Billionaire Charles Feeney has finally completed what he set out to do: He has given away his fortune. In all, he’s donated $8 billion, keeping only about $2 million for himself and his wife, Helga, who now live in San Francisco. Jim Dwyer of the New York Times wrote a glorious profile of Mr. Feeney early this month, and I urge everyone to read it. You will discover how he made his money and why he decided to give it away. Unlike Donald Trump, he did not insist upon having his name on buildings (and his money has helped build more than 1,000 of them!). He hasn’t wanted his name in lights, unlike a certain New Yorker. Moreover, Mr. Feeney gave away money that he himself had earned, in sharp contrast to Mr.
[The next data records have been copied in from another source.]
(* Let $n=n(\theta)$ be positive integers with $n\to\infty$ and $\theta/n\to\infty$ as $\theta\to\infty$. Let $K_n(\theta)$ be a random variable with $P\{K_n(\theta)=k\}=|S_n^k|\theta^k/\theta_{(n)}$, $k=1,\dots,n$, where $\theta_{(n)}=\theta(\theta+1)\cdots(\theta+n-1)$ and $|S_n^k|$ is the coefficient of $\theta^k$ in $\theta_{(n)}$. Then, as $\theta\to\infty$, the family of laws of $K_n(\theta)/n$ satisfies an LDP on $[0,1]$ with speed $n\log\frac\theta n$ and rate function $I(x)=1-x$.
   Context: $K_n(\theta)$ is the number of distinct alleles in a sample of size $n$ from a $PD(\theta)$ population. An LDP with speed $a(\theta)$ uses normalization $a(\theta)^{-1}\log$ as $\theta\to\infty$. *)

theory Defs
  imports "HOL-Analysis.Analysis" "HOL-Combinatorics.Stirling"
begin

text \<open>Ewens distribution of the number of distinct alleles:
  P{K_n(theta) = k} = |S_n^k| theta^k / theta_(n), where theta_(n) is the rising
  factorial (pochhammer) and |S_n^k| = stirling n k is the unsigned Stirling number of
  the first kind, i.e. the coefficient of theta^k in theta_(n) (lemma stirling_pochhammer).\<close>
definition Kprob :: "nat \<Rightarrow> real \<Rightarrow> nat \<Rightarrow> real" where
  "Kprob n \<theta> k = real (stirling n k) * \<theta> ^ k / pochhammer \<theta> n"

definition lawK :: "nat \<Rightarrow> real \<Rightarrow> real set \<Rightarrow> real" where
  "lawK n \<theta> A = (\<Sum>k\<in>{1..n}. if real k / real n \<in> A then Kprob n \<theta> k else 0)"

definition elog :: "real \<Rightarrow> ereal" where
  "elog x = (if x = 0 then - \<infinity> else ereal (ln x))"

definition LDP01 :: "(real \<Rightarrow> real set \<Rightarrow> real) \<Rightarrow> (real \<Rightarrow> real) \<Rightarrow> (real \<Rightarrow> real) \<Rightarrow> bool" where
  "LDP01 \<mu> a I \<longleftrightarrow>
     (\<forall>F. closedin (top_of_set {0..1}) F \<longrightarrow>
        Limsup at_top (\<lambda>\<theta>. elog (\<mu> \<theta> F) / ereal (a \<theta>)) \<le> - (INF x\<in>F. ereal (I x))) \<and>
     (\<forall>G. openin (top_of_set {0..1}) G \<longrightarrow>
        Liminf at_top (\<lambda>\<theta>. elog (\<mu> \<theta> G) / ereal (a \<theta>)) \<ge> - (INF x\<in>G. ereal (I x)))"

end

theory Submission
  imports Defs
begin

text \<open>The bounds \<open>k^(n-k) \<le> |S_n^k| \<le> 2^n n^(n-k)\<close> on the Stirling numbers and
  \<open>\<theta>^n \<le> \<theta>_(n) \<le> (2\<theta>)^n\<close> (for \<open>n \<le> \<theta>\<close>) on the rising factorial give
  \<open>(k/\<theta>)^(n-k) / 2^n \<le> P{K_n = k} \<le> 2^n (n/\<theta>)^(n-k)\<close>.
  On the scale \<open>n log(\<theta>/n)\<close> the factor \<open>2^n\<close>, the at most \<open>n\<close> summands of a probability
  and the factor \<open>(k/n)^(n-k)\<close> are negligible, so \<open>P{K_n = k}\<close> behaves like
  \<open>(\<theta>/n)^(-n(1 - k/n))\<close>. The upper bound sums over \<open>k/n \<in> F\<close>; the lower bound near \<open>x\<close>
  uses the single term \<open>k = \<lceil>xn\<rceil>\<close>.\<close>

lemma stirling_le: "stirling n k \<le> 2 ^ n * n ^ (n - k)"
proof (induction n arbitrary: k)
  case 0
  then show ?case by (cases k) auto
next
  case (Suc n)
  show ?case
  proof (cases k)
    case (Suc j)
    have "n * stirling n (Suc j) \<le> 2 ^ n * n ^ (n - j)"
    proof (cases "j < n")
      case True
      then have "n * n ^ (n - Suc j) = n ^ (n - j)"
        by (metis Suc_diff_Suc power_Suc)
      then show ?thesis
        using Suc.IH[of "Suc j"] by (metis mult.left_commute mult_le_mono2)
    qed simp
    then have "stirling (Suc n) k \<le> 2 * 2 ^ n * n ^ (n - j)"
      using Suc.IH[of j] Suc by simp
    also have "\<dots> \<le> 2 ^ Suc n * Suc n ^ (Suc n - k)"
      using Suc by (simp add: power_mono)
    finally show ?thesis .
  qed simp
qed

lemma stirling_ge: "1 \<le> k \<Longrightarrow> k \<le> n \<Longrightarrow> k ^ (n - k) \<le> stirling n k"
proof (induction n arbitrary: k)
  case (Suc n)
  show ?case
  proof (cases "k = Suc n")
    case False
    then have "k \<le> n" using Suc.prems by simp
    then have "k ^ (Suc n - k) \<le> n * stirling n k"
      using Suc.IH[OF Suc.prems(1)] by (simp add: Suc_diff_le mult_le_mono)
    also have "\<dots> \<le> stirling (Suc n) k"
      using Suc.prems(1) by (cases k) auto
    finally show ?thesis .
  qed simp
qed simp

lemma pochhammer_ge_power:
  fixes x :: real
  assumes "0 \<le> x"
  shows "x ^ n \<le> pochhammer x n"
  unfolding pochhammer_prod using prod_mono[of "{0..<n}" "\<lambda>_. x" "\<lambda>i. x + of_nat i"] assms
  by simp

lemma pochhammer_le_power:
  fixes x :: real
  assumes "0 \<le> x"
  shows "pochhammer x n \<le> (x + n) ^ n"
  unfolding pochhammer_prod using prod_mono[of "{0..<n}" "\<lambda>i. x + of_nat i" "\<lambda>_. x + n"] assms
  by simp

lemma Kprob_nonneg: "0 < \<theta> \<Longrightarrow> 0 \<le> Kprob n \<theta> k"
  unfolding Kprob_def using pochhammer_pos[of \<theta> n] by simp

lemma lawK_nonneg: "0 < \<theta> \<Longrightarrow> 0 \<le> lawK n \<theta> A"
  unfolding lawK_def using Kprob_nonneg by (auto intro!: sum_nonneg)

lemma Kprob_le_lawK:
  assumes "0 < \<theta>" "k \<in> {1..n}" "real k / real n \<in> A"
  shows "Kprob n \<theta> k \<le> lawK n \<theta> A"
  unfolding lawK_def
  using member_le_sum[of k "{1..n}" "\<lambda>k. if real k / real n \<in> A then Kprob n \<theta> k else 0"]
    assms Kprob_nonneg by auto

lemma Kprob_le:
  assumes "0 < \<theta>" "k \<le> n"
  shows "Kprob n \<theta> k \<le> 2 ^ n * (n / \<theta>) ^ (n - k)"
proof -
  have "real (stirling n k) \<le> 2 ^ n * n ^ (n - k)"
    using stirling_le[of n k] by (metis of_nat_le_iff of_nat_mult of_nat_numeral of_nat_power)
  then have "Kprob n \<theta> k \<le> 2 ^ n * n ^ (n - k) * \<theta> ^ k / pochhammer \<theta> n"
    unfolding Kprob_def using pochhammer_pos[of \<theta> n] assms
    by (intro divide_right_mono mult_right_mono) auto
  also have "\<dots> \<le> 2 ^ n * n ^ (n - k) * \<theta> ^ k / \<theta> ^ n"
    using pochhammer_ge_power[of \<theta> n] pochhammer_pos[of \<theta> n] assms
    by (intro divide_left_mono) auto
  also have "\<dots> = 2 ^ n * (n / \<theta>) ^ (n - k)"
    using assms le_Suc_ex[of k n] by (auto simp add: power_add power_divide)
  finally show ?thesis .
qed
Trump, who solicited donations from others and then donated the money in his own name.
Most of Mr. Feeney’s gifts have gone to to higher education (especially Cornell, his alma mater), public health, human rights, and scientific research).
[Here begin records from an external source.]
(* Let $a\in\mathcal{A}$ have a $w$-weighted generalized core-EP inverse and $b\in \mathcal{A}$. Then the following are equivalent: (1) $(1-wawa^{\mathrm{gcEP},w})b=0$. (2) $(1-wa^{\mathrm{gcEP},w}wa)b=0$. (3) $(wa)^{\pi}b=0$.
   Context: $\mathcal{A}$ is a complex Banach *-algebra with identity and $w\in\mathcal{A}$. The $w$-weighted generalized core-EP inverse of $a$ is the unique $x$ with $a(wx)^2=x$, $(wawx)^*=wawx$, $\lim_{n\to\infty}\|(aw)^n-(xw)(aw)^{n+1}\|^{1/n}=0$, denoted $a^{\mathrm{gcEP},w}$. $(wa)^{\pi}=1-wa(wa)^d$, with $(wa)^d$ the generalized Drazin inverse of $wa$. *)

theory Defs
  imports "HOL-Analysis.Analysis"
begin

class cbanach_star_algebra = real_normed_algebra_1 + banach +
  fixes scaleC :: "complex \<Rightarrow> 'a \<Rightarrow> 'a"
    and invol :: "'a \<Rightarrow> 'a"
  assumes scaleC_add_right: "scaleC c (x + y) = scaleC c x + scaleC c y"
    and scaleC_add_left: "scaleC (c + d) x = scaleC c x + scaleC d x"
    and scaleC_scaleC: "scaleC c (scaleC d x) = scaleC (c * d) x"
    and scaleC_one: "scaleC 1 x = x"
    and scaleC_of_real: "scaleC (complex_of_real r) x = scaleR r x"
    and norm_scaleC: "norm (scaleC c x) = cmod c * norm x"
    and scaleC_mult_left: "scaleC c x * y = scaleC c (x * y)"
    and scaleC_mult_right: "x * scaleC c y = scaleC c (x * y)"
    and invol_invol: "invol (invol x) = x"
    and invol_add: "invol (x + y) = invol x + invol y"
    and invol_mult: "invol (x * y) = invol y * invol x"
    and invol_scaleC: "invol (scaleC c x) = scaleC (cnj c) (invol x)"

definition invertible_el :: "'a::cbanach_star_algebra \<Rightarrow> bool" where
  "invertible_el z \<longleftrightarrow> (\<exists>y. y * z = 1 \<and> z * y = 1)"

definition quasinilpotent :: "'a::cbanach_star_algebra \<Rightarrow> bool" where
  "quasinilpotent q \<longleftrightarrow> (\<forall>l::complex. l \<noteq> 0 \<longrightarrow> invertible_el (scaleC l 1 - q))"

definition is_gdrazin :: "'a::cbanach_star_algebra \<Rightarrow> 'a \<Rightarrow> bool" where
  "is_gdrazin a x \<longleftrightarrow> x * a * x = x \<and> a * x = x * a \<and> quasinilpotent (a - a * a * x)"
For most of his time as a philanthropist, Mr. Feeney insisted on anonymity (unlike another New Yorker we know). Recipients either did not know where the money was coming from, or, if they did, they were sworn to secrecy.
I’m one of the beneficiaries. His gift saved my career.
It was 1994, and I was basically broke, with two films nearing completion but no money to finish them. I was employed by a small non-profit in South Carolina but working in New York City. That organization managed our grants, took care of payroll for the three of us, and filed final reports to foundations (although I wrote them). For these small tasks, the organization took 20% of every grant, off the top. I thought that was way too much, and I was able to persuade one foundation to write a 15% cap into its grant. I used that as leverage to get the rate down for other grants, but only after a protracted and nasty battle.